↓↓↓

(* Let $\varepsilon\in[0,1)$ and let $\rho',\tau'\in\mathcal{D}(P')$ be density operators. Let $\mathcal{P},\mathcal{E}\subseteq\mathcal{D}(P)$ satisfy $\operatorname{conv}(\mathcal{P})\cap\operatorname{aff}(\mathcal{E})\neq\emptyset$. Then there exists a linear map $\mathcal{L}$ from operators on $P$ to operators on $P'$ such that, for every $\rho\in\mathcal{P}$ and every $\tau\in\mathcal{E}$, $T(\mathcal{L}(\rho),\rho')\le\varepsilon$ and $\mathcal{L}(\tau)=\tau'$ (i.e. the conversion $(\mathcal{P},\mathcal{E})\xrightarrow{\mathcal{L},\varepsilon}(\rho',\tau')$ is achievable by some Gibbs-preserving linear map) if and only if $\varepsilon\ge T(\rho',\tau')$.
   Context: All Hilbert spaces are finite-dimensional; $\mathcal{D}(P)$ is the set of density operators on system $P$. The trace distance is $T(X,Y)=\tfrac12\|X-Y\|_1$. $\operatorname{conv}(\mathcal{P})$ is the convex hull and $\operatorname{aff}(\mathcal{E})=\{\sum_i a_i\tau_i:\tau_i\in\mathcal{E},a_i\in\mathbb{R},\sum_i a_i=1\}$ the affine hull. An uncertain athermal state is a pair of sets $(\mathcal{P},\mathcal{E})$ of candidate nonequilibrium and equilibrium (Gibbs) states. For a map $\mathcal{F}$, the conversion $(\mathcal{P},\mathcal{E})\xrightarrow{\mathcal{F},\varepsilon}(\mathcal{P}',\mathcal{E}')$ means: for every $(\rho,\tau)\in\mathcal{P}\times\mathcal{E}$ there exists $(\rho',\tau')\in\mathcal{P}'\times\mathcal{E}'$ with $T(\mathcal{F}(\rho),\rho')\le\varepsilon$ and $\mathcal{F}(\tau)=\tau'$; singleton sets are identified with their element. The class GPL (Gibbs-preserving linear maps) consists of all linear maps sending the input Gibbs state to the output Gibbs state; in this framework that requirement is precisely the condition $\mathcal{F}(\tau)=\tau'$ in the conversion. *)

theory Defs
  imports "Jordan_Normal_Form.Matrix" "Jordan_Normal_Form.Char_Poly"
begin

(* Operators on a d-dimensional Hilbert space P are complex d x d matrices (carrier_mat d d). *)

definition adj_mat :: "complex mat \<Rightarrow> complex mat" where
  "adj_mat A = mat (dim_col A) (dim_row A) (\<lambda>(i,j). cnj (A $$ (j,i)))"

definition mtrace :: "complex mat \<Rightarrow> complex" where
  "mtrace A = (\<Sum>i<dim_row A. A $$ (i,i))"

definition hermitian_mat :: "complex mat \<Rightarrow> bool" where
  "hermitian_mat A \<longleftrightarrow> A = adj_mat A"

definition psd_mat :: "nat \<Rightarrow> complex mat \<Rightarrow> bool" where
  "psd_mat d A \<longleftrightarrow> (\<forall>v :: nat \<Rightarrow> complex.
     \<exists>r::real. r \<ge> 0 \<and> (\<Sum>i<d. \<Sum>j<d. cnj (v i) * A $$ (i,j) * v j) = complex_of_real r)"

definition density_ops :: "nat \<Rightarrow> complex mat set" where
  "density_ops d = {A. A \<in> carrier_mat d d \<and> hermitian_mat A \<and> psd_mat d A \<and> mtrace A = 1}"

(* the eigenvalues (with multiplicity) of a square complex matrix, as a list of roots of
   the characteristic polynomial; the multiset is unique, so sums over it are well defined *)
definition eigvals_list :: "complex mat \<Rightarrow> complex list" where
  "eigvals_list A = (SOME as. char_poly A = (\<Prod>a\<leftarrow>as. [:- a, 1:]) \<and> length as = dim_row A)"

(* trace norm ||X||_1 = tr sqrt(X^dagger X) = sum of square roots of eigenvalues of X^dagger X *)
definition trace_norm :: "complex mat \<Rightarrow> real" where
  "trace_norm X = sum_list (map (\<lambda>a. sqrt (Re a)) (eigvals_list (adj_mat X * X)))"

definition trace_dist :: "complex mat \<Rightarrow> complex mat \<Rightarrow> real" where
  "trace_dist X Y = trace_norm (X - Y) / 2"

fun lin_comb :: "nat \<Rightarrow> (nat \<Rightarrow> real) \<Rightarrow> (nat \<Rightarrow> complex mat) \<Rightarrow> nat \<Rightarrow> complex mat" where
  "lin_comb d c x 0 = 0\<^sub>m d d"
| "lin_comb d c x (Suc k) = lin_comb d c x k + complex_of_real (c k) \<cdot>\<^sub>m x k"

definition conv_mat :: "nat \<Rightarrow> complex mat set \<Rightarrow> complex mat set" where
  "conv_mat d S = {M. \<exists>k c x. (\<forall>i<k. x i \<in> S \<and> c i \<ge> 0) \<and> (\<Sum>i<k. c i) = 1
                              \<and> M = lin_comb d c x k}"

definition aff_mat :: "nat \<Rightarrow> complex mat set \<Rightarrow> complex mat set" where
  "aff_mat d S = {M. \<exists>k c x. (\<forall>i<k. x i \<in> S) \<and> (\<Sum>i<k. c i) = 1
                              \<and> M = lin_comb d c x k}"

definition linear_op_map :: "nat \<Rightarrow> nat \<Rightarrow> (complex mat \<Rightarrow> complex mat) \<Rightarrow> bool" where
  "linear_op_map d d' L \<longleftrightarrow>
     (\<forall>X \<in> carrier_mat d d. L X \<in> carrier_mat d' d') \<and>
     (\<forall>X \<in> carrier_mat d d. \<forall>Y \<in> carrier_mat d d. L (X + Y) = L X + L Y) \<and>
     (\<forall>a. \<forall>X \<in> carrier_mat d d. L (a \<cdot>\<^sub>m X) = a \<cdot>\<^sub>m L X)"

end

theory Submission
  imports Defs "Jordan_Normal_Form.Schur_Decomposition" "Berlekamp_Zassenhaus.Mahler_Measure"
begin

(* Suppose a linear map L sends every tau in E to tau' and every rho in P to within epsilon of rho'.
   Take M in conv(P) and aff(E). Writing M as an affine combination of states in E gives L M = tau',
   writing it as a convex combination sum c_i rho_i gives tau' - rho' = sum c_i (L rho_i - rho'),
   and convexity of the trace norm yields T(rho', tau') <= epsilon. Conversely, the replacement map
   X |-> tr(X) tau' is linear and sends every density operator to tau'.

   Convexity of the trace norm follows from its variational form: ||X||_1 is the maximum of
   Re tr(V^dagger X U) over partial isometries V and unitaries U. The maximum is attained because,
   for a unitary P diagonalising X^dagger X, the columns of X P are orthogonal with the singular
   values of X as norms; the unitary diagonalisation of Hermitian matrices is proved by induction
   on the dimension. *)

hide_const (open) Determinant.adj_mat

section \<open>Adjoints and block-diagonal matrices\<close>

lemma adj_mat_dim [simp]: "dim_row (adj_mat A) = dim_col A" "dim_col (adj_mat A) = dim_row A"
  unfolding adj_mat_def by simp_all

lemma adj_mat_carrier [simp]: "A \<in> carrier_mat m n \<Longrightarrow> adj_mat A \<in> carrier_mat n m"
  unfolding carrier_mat_def by simp

lemma adj_mat_index [simp]:
  "i < dim_col A \<Longrightarrow> j < dim_row A \<Longrightarrow> adj_mat A $$ (i,j) = cnj (A $$ (j,i))"
  unfolding adj_mat_def by simp

lemma adj_mat_adj_mat [simp]: "adj_mat (adj_mat A) = A"
  by (rule eq_matI) simp_all

lemma adj_mat_one [simp]: "adj_mat (1\<^sub>m n) = 1\<^sub>m n"
  by (rule eq_matI) auto

lemma adj_mat_mult:
  "A \<in> carrier_mat m n \<Longrightarrow> B \<in> carrier_mat n p \<Longrightarrow> adj_mat (A * B) = adj_mat B * adj_mat A"
  by (rule eq_matI) (auto simp: scalar_prod_def cnj_sum mult.commute intro: sum.cong)

lemma adj_mat_minus:
  "A \<in> carrier_mat m n \<Longrightarrow> B \<in> carrier_mat m n \<Longrightarrow> adj_mat (A - B) = adj_mat A - adj_mat B"
  by (rule eq_matI) auto

lemma adj_mat_four_block_diag:
  assumes "A \<in> carrier_mat k k" "D \<in> carrier_mat m m"
  shows "adj_mat (four_block_mat A (0\<^sub>m k m) (0\<^sub>m m k) D)
       = four_block_mat (adj_mat A) (0\<^sub>m k m) (0\<^sub>m m k) (adj_mat D)"
  by (rule eq_matI) (use assms in auto)

lemma assoc_mult_mat4:
  assumes "A \<in> carrier_mat n n" "B \<in> carrier_mat n n" "C \<in> carrier_mat n n" "D \<in> carrier_mat n n"
  shows "A * B * (C * D) = A * (B * C) * D"
proof -
  have "A * B * (C * D) = A * (B * (C * D))"
    using assms by (intro assoc_mult_mat[of _ n n _ n _ n]) auto
  also have "B * (C * D) = B * C * D"
    using assms by (intro assoc_mult_mat[of _ n n _ n _ n, symmetric]) auto
  also have "A * (B * C * D) = A * (B * C) * D"
    using assms by (intro assoc_mult_mat[of _ n n _ n _ n, symmetric]) auto
  finally show ?thesis .
qed

lemma assoc_mult_mat5:
  assumes "X \<in> carrier_mat n n" "Y \<in> carrier_mat n n" "M \<in> carrier_mat n n"
    "Z \<in> carrier_mat n n" "T \<in> carrier_mat n n"
  shows "X * Y * M * (Z * T) = X * (Y * M * Z) * T"
proof -
  have YM: "Y * M \<in> carrier_mat n n" using assms(2,3) by (rule mult_carrier_mat)
  have ZT: "Z * T \<in> carrier_mat n n" using assms(4,5) by (rule mult_carrier_mat)
  have YMZ: "Y * M * Z \<in> carrier_mat n n" using YM assms(4) by (rule mult_carrier_mat)
  have "X * Y * M * (Z * T) = X * (Y * M) * (Z * T)"
    using assoc_mult_mat[OF assms(1-3)] by simp
  also have "\<dots> = X * (Y * M * (Z * T))" using assms(1) YM ZT by (rule assoc_mult_mat)
  also have "Y * M * (Z * T) = Y * M * Z * T" using YM assms(4,5) by (rule assoc_mult_mat[symmetric])
  also have "X * (Y * M * Z * T) = X * (Y * M * Z) * T"
    using assms(1) YMZ assms(5) by (rule assoc_mult_mat[symmetric])
  finally show ?thesis .
qed

lemma hermitian_mat_adj_mult_mult:
  assumes "A \<in> carrier_mat n n" "W \<in> carrier_mat n m" "hermitian_mat A"
  shows "hermitian_mat (adj_mat W * A * W)"
proof -
  have "adj_mat (adj_mat W * A * W) = adj_mat W * adj_mat (adj_mat W * A)"
    using assms by (intro adj_mat_mult[of _ m n]) auto
  also have "\<dots> = adj_mat W * (adj_mat A * W)"
    using assms by (simp add: adj_mat_mult[of "adj_mat W" m n A n])
  finally have "adj_mat (adj_mat W * A * W) = adj_mat W * adj_mat A * W"
    using assms by (simp add: assoc_mult_mat[of _ m n _ n _ m])
  then show ?thesis using assms unfolding hermitian_mat_def by simp
qed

↑↑↑

• [EXERCISE BRIEF]:
Please write out, exactly as they appear, the lines from the line containing "W * (adj_mat" through the last line of the records above, both included.

• [EXERCISE RESPONSE]:
  also have "\<dots> = adj_mat W * (adj_mat A * W)"
    using assms by (simp add: adj_mat_mult[of "adj_mat W" m n A n])
  finally have "adj_mat (adj_mat W * A * W) = adj_mat W * adj_mat A * W"
    using assms by (simp add: assoc_mult_mat[of _ m n _ n _ m])
  then show ?thesis using assms unfolding hermitian_mat_def by simp
qed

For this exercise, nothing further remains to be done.